Petya – Awesome contributor day with loads being done for the core project. Led the Polyglots team, always amazing to meet the team in person and there were a lot of us there. The non-profit track at WordCamp London was great. It shed a light on a different aspect of how WordPress and Open Source Software help people. Lots of amazing stories shared in this track. Was a bit nervous, but loved having the chance to give my talk (The Fight for Independent Media) about the work we do at the Openmedia Foundation to fight back the tough media situation in Bulgaria. It was an important story for me to tell and a message to get out there, this has been a huge part of my life for the last several years. Adrian’s talk on Sunday was brilliant… as usual. I have to mention Scott’s amazing work on branding – I have never seen a better idea/design/execution at a WordCamp before. Kudos to the whole organising team for the games at the after party; everyone loved it My absolute highlight of WCLondon was getting to hang out with all the Humans. It was so much fun getting to know everyone. Already miss it.
Rob – I helped out getting people set up on contributor and saw some genuine delight on people’s faces when VVV actually finished installing! Adrian Zumbrunnen’s talk on useful animations was really well put together and thoughtful – he is also far too good at Street Fighter! I still remembered how to kick some ass on Mario Kart after not playing for 9 years. Jack Lenox’s talk (Building Themes with the REST API) was completely packed so I couldn’t actually get in! Watching Joe’s magical self writing code was amusing (Inside the WP API – Internals and Customisation). The talk from the folks at News Corp (Building a Scaleable WordPress at News Corp UK) was interesting – it’s impressive what they’ve done with such a small team. All in all a great weekend, mostly because I got to actually to see everyone for a while.

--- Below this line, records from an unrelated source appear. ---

(* Let $S>0$ and $K>0$ be fixed with $K\neq S$, let $x:=\ln(K/S)$, and for a maturity $T>0$ let $C(T,K)$ be a European call price (zero interest rate) with implied lognormal volatility $\sigma_{LN}$, i.e. $C(T,K)=\mathrm{BS}(S,K,T,\sigma_{LN})$ where $\mathrm{BS}(S,K,T,\sigma)=S\,\mathcal N(d_+)-K\,\mathcal N(d_-)$, $d_\pm=\frac{\ln(S/K)\pm\sigma^2T/2}{\sigma\sqrt T}$, $\mathcal N$ the standard normal distribution function. (Case 1: short expiry) Let $\mathrm{TV}:=C(T,K)-(S-K)_+$, $\lambda:=-1/\ln(\mathrm{TV}/S)$, $\gamma:=\ln\!\big(4\sqrt\pi\,e^{-x/2}/|x|\big)$, $\alpha_1:=-\tfrac32-\tfrac{x^2}{16}$. Then, as $T\to0$ (in the regime $\sigma_{LN}\sqrt T\to0$), $\sigma_{LN}^2T=\frac{x^2}{2}\,v$ with $$v=\lambda-\tfrac32\lambda^2\ln\lambda+\gamma\lambda^2+\tfrac94\lambda^3\ln^2\lambda+\big(\tfrac94-3\gamma\big)\lambda^3\ln\lambda+\big(\gamma^2-\tfrac32\gamma-\alpha_1\big)\lambda^3+o(\lambda^3).$$ (Case 2: large expiry) Let $\mathrm{CC}:=S-C(T,K)$, $\lambda:=-1/\ln(\mathrm{CC}/S)$, $\gamma:=\ln\!\big(\sqrt\pi\,e^{-x/2}\big)$, $\alpha_1:=-\tfrac12-\tfrac{x^2}{16}$. Then, as $T\to+\infty$ (in the regime $\sigma_{LN}\sqrt T\to+\infty$), $$\sigma_{LN}^2T=\frac8\lambda\Big[1+\tfrac12\lambda\ln\lambda-\gamma\lambda-\tfrac14\lambda^2\ln\lambda+\big(\tfrac\gamma2+\alpha_1\big)\lambda^2+o(\lambda^2)\Big].$$ In particular, as $T\to+\infty$, $\sigma_{LN}\sim2\sqrt{-2\ln(\mathrm{CC}/S)/T}$. *)

theory Defs
  imports "HOL-Probability.Distributions" "HOL-Library.Landau_Symbols"
begin

definition Ncdf :: "real \<Rightarrow> real" where
  "Ncdf y = (LBINT t:{..y}. std_normal_density t)"

definition BS :: "real \<Rightarrow> real \<Rightarrow> real \<Rightarrow> real \<Rightarrow> real" where
  "BS S K T \<sigma> =
     S * Ncdf ((ln (S / K) + \<sigma>\<^sup>2 * T / 2) / (\<sigma> * sqrt T))
   - K * Ncdf ((ln (S / K) - \<sigma>\<^sup>2 * T / 2) / (\<sigma> * sqrt T))"

end

theory Submission
  imports Defs "HOL-Real_Asymp.Real_Asymp"
begin

text \<open>
  Write \<open>x = ln (K / S)\<close> and \<open>s = \<sigma> \<surd>T\<close>, and let \<open>R = (1 - \<Phi>) / \<phi>\<close> be the Mills ratio.
  Up to the common factor \<open>exp (x/2 - x\<^sup>2/(2 s\<^sup>2) - s\<^sup>2/8) / \<surd>(2\<pi>)\<close>, the normalized time value
  \<open>TV / S\<close> equals \<open>R (\<bar>x\<bar>/s - s/2) - R (\<bar>x\<bar>/s + s/2)\<close> and \<open>CC / S\<close> equals
  \<open>R (s/2 - x/s) + R (s/2 + x/s)\<close>. The truncations of the asymptotic series
  \<open>R z \<sim> 1/z - 1/z\<^sup>3 + 3/z\<^sup>5 - 15/z\<^sup>7\<close> bound \<open>R\<close> alternately from below and above, and this
  suffices for
  \<open>- ln (TV / S) = 1/v - 3/2 ln v + \<gamma> - \<alpha>\<^sub>1 v + O(v\<^sup>2)\<close> with \<open>v = 2 s\<^sup>2 / x\<^sup>2\<close> as \<open>s \<rightarrow> 0\<close>, and
  \<open>- ln (CC / S) = w + 1/2 ln w + \<gamma> - \<alpha>\<^sub>1 / w + O(1/w\<^sup>2)\<close> with \<open>w = s\<^sup>2 / 8\<close> as \<open>s \<rightarrow> \<infinity>\<close>.
  The expansions of \<open>\<sigma>\<^sup>2 T\<close> are the inverses of these relations. The unknown \<open>O\<close>-term does not
  spoil the inversion because the truncated inverse series is monotone near \<open>0\<close>: \<open>\<lambda>\<close> lies between
  the values obtained for the constant perturbations \<open>\<plusminus>C v\<^sup>2\<close> (resp. \<open>\<plusminus>C / w\<^sup>2\<close>), for which
  the inversion is an explicit asymptotic computation.
\<close>

section \<open>The standard normal distribution function\<close>

lemma std_normal_density_pos: "std_normal_density z > 0"
  by (simp add: normal_density_pos)

lemma DERIV_std_normal_density: "DERIV std_normal_density z :> - z * std_normal_density z"
  unfolding std_normal_density_def
  by (auto intro!: derivative_eq_intros simp: field_simps power2_eq_square)

lemma std_normal_density_minus: "std_normal_density (- z) = std_normal_density z"
  by (simp add: std_normal_density_def)

lemma set_integrable_std_normal_density:
  "A \<in> sets lborel \<Longrightarrow> set_integrable lborel A std_normal_density"
  unfolding set_integrable_def by (intro integrable_mult_indicator) auto

lemma Ncdf_split:
  assumes "a \<le> y"
  shows "Ncdf y = (LINT t:{..<a}|lborel. std_normal_density t) + integral {a..y} std_normal_density"
proof -
  have "{..y} = {..<a} \<union> {a..y}" using assms by auto
  hence "Ncdf y = (LINT t:{..<a} \<union> {a..y}|lborel. std_normal_density t)" by (simp add: Ncdf_def)
  also have "\<dots> = (LINT t:{..<a}|lborel. std_normal_density t) + (LINT t:{a..y}|lborel. std_normal_density t)"
    by (rule set_integral_Un) (auto intro: set_integrable_std_normal_density)
  also have "(LINT t:{a..y}|lborel. std_normal_density t) = integral {a..y} std_normal_density"
    by (rule set_borel_integral_eq_integral) (auto intro: set_integrable_std_normal_density)
  finally show ?thesis .
qed

lemma DERIV_Ncdf: "DERIV Ncdf y :> std_normal_density y"
proof -
  have "continuous_on {y - 1..y + 1} std_normal_density"
    unfolding std_normal_density_def by (intro continuous_intros) auto
  hence "((\<lambda>u. (LINT t:{..<y - 1}|lborel. std_normal_density t) + integral {y - 1..u} std_normal_density)
      has_real_derivative std_normal_density y) (at y within {y - 1..y + 1})"
    by (auto intro!: derivative_eq_intros integral_has_real_derivative)
  hence "(Ncdf has_real_derivative std_normal_density y) (at y within {y - 1..y + 1})"
    by (rule has_field_derivative_transform_within[where d = 1]) (auto simp: Ncdf_split)
  thus ?thesis by (simp add: at_within_Icc_at)
qed
text \<open>
  Write \<open>Q\<^sub>\<nu> = \<Sum>\<^sub>m\<^sub>\<le>\<^sub>\<nu> P\<^sub>m m! \<beta>\<^sup>m S(\<nu>,m)\<close>, so that the claimed bound is \<open>c\<^sub>0 c\<^bsup>|\<nu>|\<^esup> Q\<^sub>\<nu>\<close>.
  The heart of the matter is that this bound satisfies the recursive hypothesis with equality.
  After expanding \<open>Q\<^sub>m\<close> and the inner sum of the hypothesis, the sum over \<open>m\<close> collapses by the
  Stirling convolution \<open>\<Sum>\<^sub>k C(n,k) S(k,a) S(n-k,b) = C(a+b,a) S(n,a+b)\<close>, applied in every
  coordinate; regrouping by \<open>k = w + \<mu>\<close> and the defining recursion of \<open>P\<^sub>k\<close> then give
  \<open>Q\<^sub>\<nu> = \<Sum>\<^sub>m\<^sub><\<^sub>\<nu> C(\<nu>,m) Q\<^sub>m G\<^sub>\<nu>\<^sub>-\<^sub>m + H\<^sub>\<nu>\<close>. As the hypothesis is monotone in the values
  \<open>\<Upsilon>\<^sub>m\<close>, \<open>m < \<nu>\<close>, the theorem follows by induction on \<open>|\<nu>|\<close>.
\<close>

section \<open>A convolution identity for Stirling numbers\<close>

lemma Stirling_Suc_left:
  "Stirling (Suc n) k = k * Stirling n k + (case k of 0 \<Rightarrow> 0 | Suc k' \<Rightarrow> Stirling n k')"
  by (cases k) auto

definition Stirling_conv :: "nat \<Rightarrow> nat \<Rightarrow> nat \<Rightarrow> nat" where
  "Stirling_conv n a b = (\<Sum>k\<le>n. (n choose k) * Stirling k a * Stirling (n - k) b)"
theorem mainTheorem15:
  fixes V :: "'a set" and adj :: "'a \<Rightarrow> 'a \<Rightarrow> bool" and e :: "'a \<Rightarrow> int"
    and mm n :: nat and l :: "'a \<Rightarrow> rat"
  assumes "is_tree V adj" and "neg_definite V adj e" and "elliptic V adj e"
    and "Cseq V adj e mm = ZK V adj e"
    and "\<forall>k<mm. Cseq V adj e k \<noteq> ZK V adj e"
    and "n < mm"
    and "l \<in> SuppP0 V adj e"
    and "assoc_cycle V adj e l = Cseq V adj e n"
  shows "(\<forall>v\<in>supp V (ZK V adj e - Cseq V adj e n). 0 \<le> l v) \<and>
         (\<forall>v\<in>V - supp V (ZK V adj e - Cseq V adj e n). l v < 0)"
proof -
  have "finite V" using assms(1) unfolding is_tree_def by blast
  hence "cyc V (ZK V adj e)" using assms(2) by (rule ZK_cyc)
  moreover have "l \<in> Lat V" using assms(7) unfolding SuppP0_def by blast
  ultimately have "supp V (ZK V adj e - assoc_cycle V adj e l) = {v \<in> V. 0 \<le> l v}"
    by (rule supp_ZK_minus_assoc_cycle[rotated])
  hence "supp V (ZK V adj e - Cseq V adj e n) = {v \<in> V. 0 \<le> l v}"
    by (simp only: assms(8))
  thus ?thesis by (simp add: not_le)
qed

end
(* Consider the algorithm described in the context, where $\psi$ can be truncated, and assume that the iterates are bounded (there is $R>0$ with $\{x^k\}\subseteq B_R(0)$). Let $\tilde x^k$ denote the point before the truncation step of iteration $k$ and $x^{k+1}$ the point after it. Then $$\sum_{k=0}^\infty\|x^{k+1}-\tilde x^k\|\le m\kappa\sum_{i=0}^\infty\epsilon_i<\infty\quad\text{and}\quad\sum_{k=0}^\infty|\psi(x^{k+1})-\psi(\tilde x^k)|<\infty.$$
   Context: Problem: minimize $\psi=f+\varphi$ where $f:\mathbb{R}^n\to\mathbb{R}$ is continuously differentiable and $\varphi:\mathbb{R}^n\to\mathbb{R}$ is convex. Notation: $\|\cdot\|$ Euclidean norm, $B_r(x)$ open ball, $\bar v=v/\|v\|$, $\psi'(x;d)$ directional derivative, $\partial\psi(x)=\nabla f(x)+\partial\varphi(x)$; $x$ is stationary if $0\in\partial\psi(x)$. Pseudo-gradient: $g(x)=u(x)d(x)$ where, for non-stationary $x$, $\|d(x)\|=1$, $\psi'(x;d(x))<0$, $u(x)\in[\psi'(x;d(x)),0)$, and for stationary $x$, $d(x)=0$, $u(x)=0$. Safeguards: for $\|d\|=1$, $\Gamma_{\max}(x,d)=\sup\{T>0: t\mapsto\psi(x+td)\text{ is } C^1\text{ on }(0,T)\}$, $\Gamma(x)=\inf_{\|d\|=1}\Gamma_{\max}(x,d)$; a stepsize safeguard $(x,d)\mapsto\Gamma(x,d)\in(0,\infty]$ is fixed. Truncation: $\psi$ can be truncated with data $\mathbb{R}^n=S_0\supset\cdots\supset S_m$, $\delta\in(0,\infty]$, $\kappa>0$, $T:\mathbb{R}^n\times(0,\delta]\to\mathbb{R}^n$ meaning (i) $\Gamma(x)\ge\delta$ on $S_m$; (ii) for $a\in(0,\delta]$, $x\in S_i\setminus S_{i+1}$, $i<m$: if $\Gamma(x)\ge a$ then $T(x,a)=x$, else $T(x,a)\in S_{i+1}$, $\Gamma(T(x,a))\ge a$, $\|T(x,a)-x\|\le\kappa a$. Put $S_{m+1}=\emptyset$. Algorithm: parameters $0<\eta<\eta_1<\eta_2<1$, $0<r_1<1<r_2$, $\Delta_{\max}>0$, $\gamma_1,\gamma_2>0$, a positive strictly decreasing summable sequence $(\epsilon_s)$ with $\epsilon_s\le\delta$, a nonincreasing $\ell:(0,\infty)\to[0,\frac12]$ with $\ell(\Delta)\to0$ as $\Delta\to0^+$; start $x^0$, $\Delta_0>0$, counters $c_0=\dots=c_m=0$. Iteration $k$: $g^k=g(x^k)$; stop if $g^k=0$. Choose $B^k\in\mathbb{R}^{n\times n}$, model $m_k(s)=\psi(x^k)+\langle g^k,s\rangle+\frac12\langle s,B^ks\rangle$, Cauchy point $s^k_C=-\alpha^C_kg^k$ with $\alpha^C_k\in\arg\min_{0\le t\le\Delta_k/\|g^k\|}m_k(-tg^k)$. Choose $s^k$, $\|s^k\|\le\Delta_k$, with $m_k(0)-m_k(s^k)\ge\frac{\gamma_1}{2}\|g^k\|\min\{\Delta_k,\gamma_2\|g^k\|\}$ and $m_k(0)-m_k(s^k)\ge(1-\ell(\|s^k\|))(m_k(0)-m_k(s^k_C))$. Let $\rho^1_k=\frac{\psi(x^k)-\psi(x^k+s^k)}{m_k(0)-m_k(s^k)}$. If $\rho^1_k\ge\eta_1$: $\tilde x^k=x^k+s^k$, $\Delta_{k+1}=\min\{\Delta_{\max},r_2\Delta_k\}$ if $\rho^1_k>\eta_2$ and $\Delta_{k+1}=\Delta_k$ otherwise. Otherwise: $\alpha_k=\min\{\Gamma(x^k,\bar s^k),\|s^k\|\}$; if $m_k(0)-m_k(\alpha_k\bar s^k)<\frac{\alpha_k}{2\|s^k\|}(m_k(0)-m_k(s^k))$, replace $s^k$ by $s^k_C$ and $\alpha_k=\min\{\Gamma(x^k,\bar s^k_C),\|s^k_C\|\}$; $\rho^2_k=\frac{\psi(x^k)-\psi(x^k+\alpha_k\bar s^k)}{m_k(0)-m_k(\alpha_k\bar s^k)}$; $\Delta_{k+1}=r_1\Delta_k$ if $\rho^2_k<\eta_1$, $=\min\{\Delta_{\max},r_2\Delta_k\}$ if $\rho^2_k>\eta_2$, $=\Delta_k$ otherwise; $\tilde x^k=x^k+\alpha_k\bar s^k$ if $\rho^2_k\ge\eta$ and $\tilde x^k=x^k$ otherwise. Truncation step: set $\tilde x=\tilde x^k$ and repeat {find $i$ with $\tilde x\in S_i\setminus S_{i+1}$; if $\Gamma(\tilde x)<\epsilon_{c_i}$ set $\tilde x\leftarrow T(\tilde x,\epsilon_{c_i})$, $c_i\leftarrow c_i+1$; else stop}; $x^{k+1}=\tilde x$. *)

theory Defs
  imports "HOL-Analysis.Analysis"
begin

definition C1_on :: "real set \<Rightarrow> (real \<Rightarrow> real) \<Rightarrow> bool" where
  "C1_on S h \<longleftrightarrow> (\<exists>h'. (\<forall>t\<in>S. (h has_real_derivative h' t) (at t)) \<and> continuous_on S h')"

definition dir_deriv :: "('a::real_normed_vector \<Rightarrow> real) \<Rightarrow> 'a \<Rightarrow> 'a \<Rightarrow> real" where
  "dir_deriv \<psi> x d = Lim (at_right 0) (\<lambda>t. (\<psi> (x + t *\<^sub>R d) - \<psi> x) / t)"
lemma isomorphic_incidence_symmetric_difference:
  assumes bij: "bij_betw f V P"
    and sum: "\<And>a b. a \<in> V \<Longrightarrow> b \<in> V \<Longrightarrow> f (s a b) = (f a - f b) \<union> (f b - f a)"
  shows "isomorphic_incidence V {{a, b, s a b} | a b. a \<in> V \<and> b \<in> V \<and> a \<noteq> b}
    P {{A, B, (A - B) \<union> (B - A)} | A B. A \<in> P \<and> B \<in> P \<and> A \<noteq> B}"
  unfolding isomorphic_incidence_def
proof (intro exI conjI)
  have inj: "inj_on f V" and surj: "f ` V = P"
    using bij by (auto simp: bij_betw_def)
  show "bij_betw f V P"
    by (fact bij)
  show "(\<lambda>l. f ` l) ` {{a, b, s a b} | a b. a \<in> V \<and> b \<in> V \<and> a \<noteq> b} =
      {{A, B, (A - B) \<union> (B - A)} | A B. A \<in> P \<and> B \<in> P \<and> A \<noteq> B}"
  proof (intro set_eqI iffI)
    fix m assume "m \<in> (\<lambda>l. f ` l) ` {{a, b, s a b} | a b. a \<in> V \<and> b \<in> V \<and> a \<noteq> b}"
    then obtain a b where ab: "a \<in> V" "b \<in> V" "a \<noteq> b" "m = f ` {a, b, s a b}"
      by blast
    then have "m = {f a, f b, (f a - f b) \<union> (f b - f a)}" "f a \<noteq> f b"
      using sum inj by (auto simp: inj_on_eq_iff)
    with ab surj show "m \<in> {{A, B, (A - B) \<union> (B - A)} | A B. A \<in> P \<and> B \<in> P \<and> A \<noteq> B}"
      by blast
  next
    fix m assume "m \<in> {{A, B, (A - B) \<union> (B - A)} | A B. A \<in> P \<and> B \<in> P \<and> A \<noteq> B}"
    then obtain a b where "a \<in> V" "b \<in> V" "f a \<noteq> f b"
      and "m = {f a, f b, (f a - f b) \<union> (f b - f a)}"
      using surj by blast
    with sum show "m \<in> (\<lambda>l. f ` l) ` {{a, b, s a b} | a b. a \<in> V \<and> b \<in> V \<and> a \<noteq> b}"
      by (intro image_eqI[of _ _ "{a, b, s a b}"]) auto
  qed
qed

lemma veldkamp_lines_eq:
  "veldkamp_lines S L = {{H1, H2, pitchfork S H1 H2} | H1 H2.
    H1 \<in> veldkamp_points S L \<and> H2 \<in> veldkamp_points S L \<and> H1 \<noteq> H2}"
  by (simp add: veldkamp_lines_def veldkamp_points_def)

theorem theorem4p1:
  fixes X :: "'a set"
  assumes "finite X"
  shows "(\<forall>H. H \<subseteq> P2 X \<longrightarrow>
            (hyperplane (desargues_points X) (desargues_lines X) H \<longleftrightarrow>
             (\<exists>Z. Z \<noteq> {} \<and> Z \<subset> X \<and> H = P2 Z \<union> P2 (X - Z))))
       \<and> (2 \<le> card X \<longrightarrow>
            isomorphic_incidence
              (veldkamp_points (desargues_points X) (desargues_lines X))
              (veldkamp_lines (desargues_points X) (desargues_lines X))
              (pg_points (card X - 2)) (pg_lines (card X - 2)))"
proof (intro conjI allI impI)
  fix H :: "'a set set"
  assume "H \<subseteq> P2 X"
  then show "hyperplane (desargues_points X) (desargues_lines X) H \<longleftrightarrow>
      (\<exists>Z. Z \<noteq> {} \<and> Z \<subset> X \<and> H = P2 Z \<union> P2 (X - Z))"
    by (simp add: desargues_hyperplane_iff_unseparated unseparated_def)
next
  assume "2 \<le> card X"
  then obtain x0 where x0: "x0 \<in> X"
    by fastforce
  obtain g where g: "bij_betw g (X - {x0}) {0..<card (X - {x0})}"
    using ex_bij_betw_finite_nat assms by blast
  have "Pow {0..<card (X - {x0})} - {{}} = pg_points (card X - 2)"
    using x0 assms \<open>2 \<le> card X\<close> by (auto simp: pg_points_def)
  then have "bij_betw (image g \<circ> separated_from X x0)
      (veldkamp_points (desargues_points X) (desargues_lines X)) (pg_points (card X - 2))"
    using bij_betw_trans[OF bij_betw_separated_from[OF x0] bij_betw_image_Pow_nonempty[OF g]]
    by simp
  moreover have "(image g \<circ> separated_from X x0) (pitchfork (desargues_points X) H1 H2) =
      ((image g \<circ> separated_from X x0) H1 - (image g \<circ> separated_from X x0) H2) \<union>
      ((image g \<circ> separated_from X x0) H2 - (image g \<circ> separated_from X x0) H1)" for H1 H2
    using image_symmetric_difference[OF bij_betw_imp_inj_on[OF g] separated_from_subset separated_from_subset]
    by (simp add: desargues_points_def separated_from_pitchfork[OF x0])
  ultimately show "isomorphic_incidence
      (veldkamp_points (desargues_points X) (desargues_lines X))
      (veldkamp_lines (desargues_points X) (desargues_lines X))
      (pg_points (card X - 2)) (pg_lines (card X - 2))"
    unfolding veldkamp_lines_eq pg_lines_def by (rule isomorphic_incidence_symmetric_difference)
qed

end
lemma bordered_factor_iff: "bordered (factor x i n) \<longleftrightarrow> (\<exists>k. 0 < k \<and> k < n \<and> border_at x i n k)"
proof -
  have "bordered (factor x i n) \<longleftrightarrow> (\<exists>k. 0 < k \<and> 2 * k \<le> n \<and> border_at x i n k)"
    unfolding bordered_iff_take_eq_drop by (auto simp: factor_def border_at_iff_take_eq_drop)
  also have "\<dots> \<longleftrightarrow> (\<exists>k. 0 < k \<and> k < n \<and> border_at x i n k)"
    using border_at_half by fastforce
  finally show ?thesis .
qed

lemma border_at_thue_morse: "border_at thue_morse i n k \<longleftrightarrow> border_at tm i n k"
  by (simp add: border_at_def thue_morse_eq_iff_tm)

lemma border_at_iff_shift: "border_at x i n k \<longleftrightarrow> (\<forall>y\<in>{i..<i + k}. x y = x (y + (n - k)))"
  unfolding border_at_def
proof (intro iffI allI impI ballI)
  fix y
  assume "\<forall>j<k. x (i + j) = x (i + (n - k) + j)" "y \<in> {i..<i + k}"
  then show "x y = x (y + (n - k))"
    by (auto dest: spec[of _ "y - i"] simp: algebra_simps)
qed (auto simp: algebra_simps)

lemma border_at_1: "0 < n \<Longrightarrow> border_at x i n 1 \<longleftrightarrow> x i = x (i + n - 1)"
  by (simp add: border_at_def)

lemma border_at_2: "2 \<le> n \<Longrightarrow> border_at x i n 2 \<longleftrightarrow> x i = x (i + n - 2) \<and> x (i + 1) = x (i + n - 1)"
  by (auto simp: border_at_def less_Suc_eq numeral_2_eq_2)

lemma border_at_3:
  "3 \<le> n \<Longrightarrow>
    border_at x i n 3 \<longleftrightarrow> x i = x (i + n - 3) \<and> x (i + 1) = x (i + n - 2) \<and> x (i + 2) = x (i + n - 1)"
  by (auto simp: border_at_def less_Suc_eq numeral_3_eq_3 numeral_2_eq_2)

lemma short_borders_odd_shift:
  assumes "4 \<le> n"
  shows "{k \<in> {1, 2, 3}. odd (n - k) \<and> border_at x i n k} =
      (if even n \<and> x i = x (i + n - 1) then {1} else {})
    \<union> (if odd n \<and> x i = x (i + n - 2) \<and> x (i + 1) = x (i + n - 1) then {2} else {})
    \<union> (if even n \<and> x i = x (i + n - 3) \<and> x (i + 1) = x (i + n - 2) \<and> x (i + 2) = x (i + n - 1)
        then {3} else {})"
proof -
  have "{k \<in> {1, 2, 3}. P k} =
      (if P 1 then {1} else {}) \<union> (if P 2 then {2} else {}) \<union> (if P 3 then {3} else {})"
    for P :: "nat \<Rightarrow> bool"
    by auto
  note split = this[of "\<lambda>k. odd (n - k) \<and> border_at x i n k"]
  have "odd (n - 1) \<longleftrightarrow> even n" "odd (n - 2) \<longleftrightarrow> odd n" "odd (n - 3) \<longleftrightarrow> even n"
    using assms by presburger+
  then show ?thesis
    unfolding split using assms border_at_1[of n x i] border_at_2[of n x i] border_at_3[of n x i]
    by (simp only:)
qed

section \<open>Borders and the Thue--Morse morphism\<close>

definition tm_borders :: "nat \<Rightarrow> nat \<Rightarrow> nat set" where
  "tm_borders i n = {k. 0 < k \<and> k < n \<and> border_at tm i n k}"

lemma unbordered_factor_iff: "unbordered (factor thue_morse i n) \<longleftrightarrow> tm_borders i n = {}"
  unfolding unbordered_def bordered_factor_iff border_at_thue_morse tm_borders_def by auto

lemma tm_borders_1: "2 \<le> n \<Longrightarrow> 1 \<in> tm_borders i n \<longleftrightarrow> tm i = tm (i + n - 1)"
  using border_at_1[of n tm i] by (simp add: tm_borders_def)

lemma tm_shift_double:
  assumes "a < b"
  shows "(\<forall>y\<in>{a..<b}. tm y = tm (y + 2 * d)) \<longleftrightarrow> (\<forall>y\<in>{a div 2..<(b + 1) div 2}. tm y = tm (y + d))"
proof
  assume fine: "\<forall>y\<in>{a..<b}. tm y = tm (y + 2 * d)"
  show "\<forall>y\<in>{a div 2..<(b + 1) div 2}. tm y = tm (y + d)"
  proof
    fix y
    assume y: "y \<in> {a div 2..<(b + 1) div 2}"
    obtain x where x: "x \<in> {a..<b}" "x div 2 = y"
    proof (cases "a \<le> 2 * y")
      case True
      with y show ?thesis
        by (intro that[of "2 * y"]) auto
    next
      case False
      with y assms show ?thesis
        by (intro that[of "2 * y + 1"]) auto
    qed
    have "tm x = tm (x + 2 * d)"
      using fine x(1) by blast
    moreover have "tm x \<longleftrightarrow> tm y \<noteq> odd x" "tm (x + 2 * d) \<longleftrightarrow> tm (y + d) \<noteq> odd x"
      using tm_eq_div2[of x] tm_eq_div2[of "x + 2 * d"] x(2) by (simp_all add: add.commute)
    ultimately show "tm y = tm (y + d)"
      by blast
  qed
next
  assume coarse: "\<forall>y\<in>{a div 2..<(b + 1) div 2}. tm y = tm (y + d)"
  show "\<forall>y\<in>{a..<b}. tm y = tm (y + 2 * d)"
  proof
    fix y
    assume "y \<in> {a..<b}"
    then have "y div 2 \<in> {a div 2..<(b + 1) div 2}"
      by (auto intro: div_le_mono)
    with coarse show "tm y = tm (y + 2 * d)"
      using tm_eq_div2[of y] tm_eq_div2[of "y + 2 * d"] by (simp add: add.commute)
  qed
qed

Jane – Just being able to get out to a WordCamp and see everyone is a real highlight for me as I’m not able to make many. My favourite talks were more on the business side including How to Value Price Websites by Ben Furfie, Going Freelance by Jo Waltham and it seems like everyone else I was a big fan of Adrian Zumbrunnen’s talk on animations. I also have to mention speaking at a WordCamp for the first time. I wasn’t sure how my talk What Story is your Portfolio Telling would go down, but people were really positive and it was a great experience. Maybe I’ll have another go! Also the punk Wapuu (or the Wapuunk) – so cute.
So in summary – we loved getting together, video games and Adrian Zumbrunnen! Roll on WordCamp Europe.